This is a short and, I hope, sweet amendment. It is about the cement between Amendment 1 and Amendment 3. Amendment 1 has been defeated and therefore we are not talking about a referendum at the end of negotiations, but Amendment 3, which I trust will be carried, is about putting the decision at the end to Parliament. Amendment 2 basically states that, in order to make that as good a way of moving forward as possible, we will need to have from the Government—not as a running commentary, or even as a walking commentary, but as a dialogue with Parliament—some feedback about how the negotiations are going.
This is not only about what we are offering as a Government, as a country, but also about what is happening on the other side. We think we will be negotiating with just one bloc—the European Union—but there are 27 countries on that side and there will be ups and downs, elections, changes of personnel and all kinds of things happening within those 27 countries.
Charles Grant of the CER, who is usually correct, has said that in all of this, politics matters more than economics. Therefore feedback from the Government about how the other countries and the European Union are responding will help us to understand the negotiations. As I said in Committee, it would be terrible if we come to that final vote in this House and there are surprises because we do not know what has been happening and how discussions have been going and, even worse, because the Government have not taken the time to listen to our EU committees.

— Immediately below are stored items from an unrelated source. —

lemma mbar_uniform_approx:
  assumes K: "\<And>j. j \<le> n \<Longrightarrow> concave_kernel (K j)" and G: "\<And>k j. j \<le> n \<Longrightarrow> concave_kernel (G k j)"
    and conv: "\<And>j C. j \<le> n \<Longrightarrow> compact C \<Longrightarrow> C \<subseteq> {0<..<2 * pi} \<Longrightarrow>
        uniform_limit C (\<lambda>k t. real_of_ereal (G k j t)) (\<lambda>t. real_of_ereal (K j t)) sequentially"
    and off_nodes: "\<And>x. \<exists>z. kF n K x z = mbar n K x \<and> (\<forall>j\<le>n. \<not> [z = (x(0 := 0)) j] (rmod (2 * pi)))"
    and e: "0 < e"
  shows "\<forall>\<^sub>F k in sequentially. \<forall>x. mbar n (G k) x \<le> mbar n K x + ereal e \<and> mbar n K x \<le> mbar n (G k) x + ereal e"
proof -
  define B where "B = Pi UNIV (\<lambda>j. if j \<in> {1..n} then {0..2 * pi} else {0 :: real})"
  have B: "compact B"
    unfolding B_def by (rule compact_box)
  have upper: "\<forall>\<^sub>F k in sequentially. \<forall>p\<in>B \<times> {0..2 * pi}. kF n (G k) (fst p) (snd p) \<le> mbar n K (fst p) + ereal e"
  proof (rule eventually_ball_compact[OF compact_Times[OF B compact_Icc]])
    fix p :: "(nat \<Rightarrow> real) \<times> real"
    obtain m0 where "mbar n K (fst p) = ereal m0"
      using off_nodes[of "fst p"] kF_finite[of n K, OF K] by metis
    from mbar_upper_local[of n K G, OF K G conv this e, of "snd p"]
    show "\<forall>\<^sub>F (k, q) in sequentially \<times>\<^sub>F nhds p. kF n (G k) (fst q) (snd q) \<le> mbar n K (fst q) + ereal e"
      by simp
  qed
  have lower: "\<forall>\<^sub>F k in sequentially. \<forall>x\<in>B. mbar n K x \<le> mbar n (G k) x + ereal e"
  proof (rule eventually_ball_compact[OF B])
    fix x0
    obtain z where "kF n K x0 z = mbar n K x0" "\<forall>j\<le>n. \<not> [z = (x0(0 := 0)) j] (rmod (2 * pi))"
      using off_nodes by blast
    then show "\<forall>\<^sub>F (k, x) in sequentially \<times>\<^sub>F nhds x0. mbar n K x \<le> mbar n (G k) x + ereal e"
      using mbar_lower_local[of n K G, OF K G conv _ _ e] by blast
  qed
  show ?thesis
    using upper lower
  proof eventually_elim
    case (elim k)
    show ?case
    proof
      fix x
      have rep: "torus_rep n x \<in> B"
        unfolding B_def by (rule torus_rep_in_box)
      have "mbar n (G k) (torus_rep n x) \<le> mbar n K (torus_rep n x) + ereal e"
        unfolding mbar_def[of n "G k"] using elim rep by (intro SUP_least) auto
      moreover have "mbar n K (torus_rep n x) \<le> mbar n (G k) (torus_rep n x) + ereal e"
        using elim rep by blast
      ultimately show "mbar n (G k) x \<le> mbar n K x + ereal e \<and> mbar n K x \<le> mbar n (G k) x + ereal e"
        using mbar_torus_rep[of n K, OF K] mbar_torus_rep[of n "G k", OF G] by simp
    qed
  qed
qed

lemma ex_maximizer_off_nodes:
  assumes K: "\<And>j. j \<le> n \<Longrightarrow> concave_kernel (K j)"
    and nonsing: "\<And>x z. (\<forall>j\<in>{1..n}. x j \<in> {0..<2 * pi}) \<Longrightarrow> z \<in> {0..<2 * pi} \<Longrightarrow>
        kF n K x z = mbar n K x \<Longrightarrow> z \<noteq> 0 \<and> (\<forall>j\<in>{1..n}. z \<noteq> x j)"
  shows "\<exists>z. kF n K x z = mbar n K x \<and> (\<forall>j\<le>n. \<not> [z = (x(0 := 0)) j] (rmod (2 * pi)))"
proof -
  define x' where "x' = torus_rep n x"
  obtain z where z: "z \<in> {0..<2 * pi}" "kF n K x' z = mbar n K x'"
    using mbar_attained[of n K, OF K] by blast
  have x': "\<forall>j\<in>{1..n}. x' j \<in> {0..<2 * pi}"
    unfolding x'_def using torus_rep_mem by blast
  have ns: "z \<noteq> 0 \<and> (\<forall>j\<in>{1..n}. z \<noteq> x' j)"
    by (rule nonsing[OF x' z])
  have "\<not> [z = (x(0 := 0)) j] (rmod (2 * pi))" if "j \<le> n" for j
  proof
    assume "[z = (x(0 := 0)) j] (rmod (2 * pi))"
    moreover have "[(x(0 := 0)) j = (x'(0 := 0)) j] (rmod (2 * pi))"
      using torus_rep_rcong[of j n x] that by (cases "j = 0") (auto simp: x'_def rcong_sym_iff)
    ultimately have "[z = (x'(0 := 0)) j] (rmod (2 * pi))"
      by (rule rcong_trans)
    moreover have "(x'(0 := 0)) j \<in> {0..<2 * pi}"
      using x' that by (cases "j = 0") auto
    ultimately have "z = (x'(0 := 0)) j"
      using z(1) by (intro rcong_imp_eq) auto
    with ns that show False
      by (cases "j = 0") auto
  qed
  moreover have "kF n K x z = mbar n K x"
    using z(2) kF_torus_rep[of n K, OF K] mbar_torus_rep[of n K, OF K] by (simp add: x'_def)
  ultimately show ?thesis
    by (intro exI[of _ z]) simp
qed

What would be the provision for an expression of opinion in both Houses on the later stages of those quarterly reports and negotiations? If people wanted to express an opinion, it might be legitimate for them to do so with a formal vote.
I will leave that to the usual channels, who will discuss it at the time. I deal with content not process. That is why I will be pleased when this Bill is over and we get into the real meat of the negotiations, with which I wish Ministers luck. The task of negotiating will be extremely hard and that is why they could benefit from discussions in the House.
It is important that we should hear back almost the mood music of what is going on. We should hear some detail so that it will not be any surprise. If people think this will all be done in secret then they have not worked in Brussels for very long. It is as leaky as a sieve and we will be reading a lot about the negotiations. It will be more like a colander than a bucket about the things that are going on in there and taking stock will be important. We have already stressed the importance of the devolved Administrations also being involved and to check that they are. We can talk on this.
Therefore, with a nod to this afternoon’s debate and what I hope will be its outcome—that Parliament will get the final vote—if the final deal is to win the consent of Parliament there should be no surprises and a grown-up conversation should go on. I am sure that the Government will not veer off in ways that surprise us, because we do not want to vote down something because it is a surprise. We will want to have a proper vote at that time. To make the final vote a proper one, we ask for these reports to be quarterly, and if the Minister thinks that means only quarterly he needs to think again: there needs to be a minimum of quarterly reports, so that we can discuss how it is going. I beg to move.
My Lords, I am obliged for the contributions that have been made to the debate. This short Bill has already invoked many hours of debate, so I intend to keep my remarks very brief.
I endorse the observations of the noble and learned Lord, Lord Mackay of Clashfern, both as to the appropriateness of this amendment and as to the spirit in which it will be and is being received by the Government. As noble Lords will be aware, the Prime Minister gives a Statement to the other place following European Councils. We know that there will be a Council this month, and indeed quarterly thereafter. That means that a Statement will be made to Parliament at least once every quarter on European issues, and it will be repeated in this House. Of course, that is just the beginning of a much wider process over which this Parliament has control at the end of the day.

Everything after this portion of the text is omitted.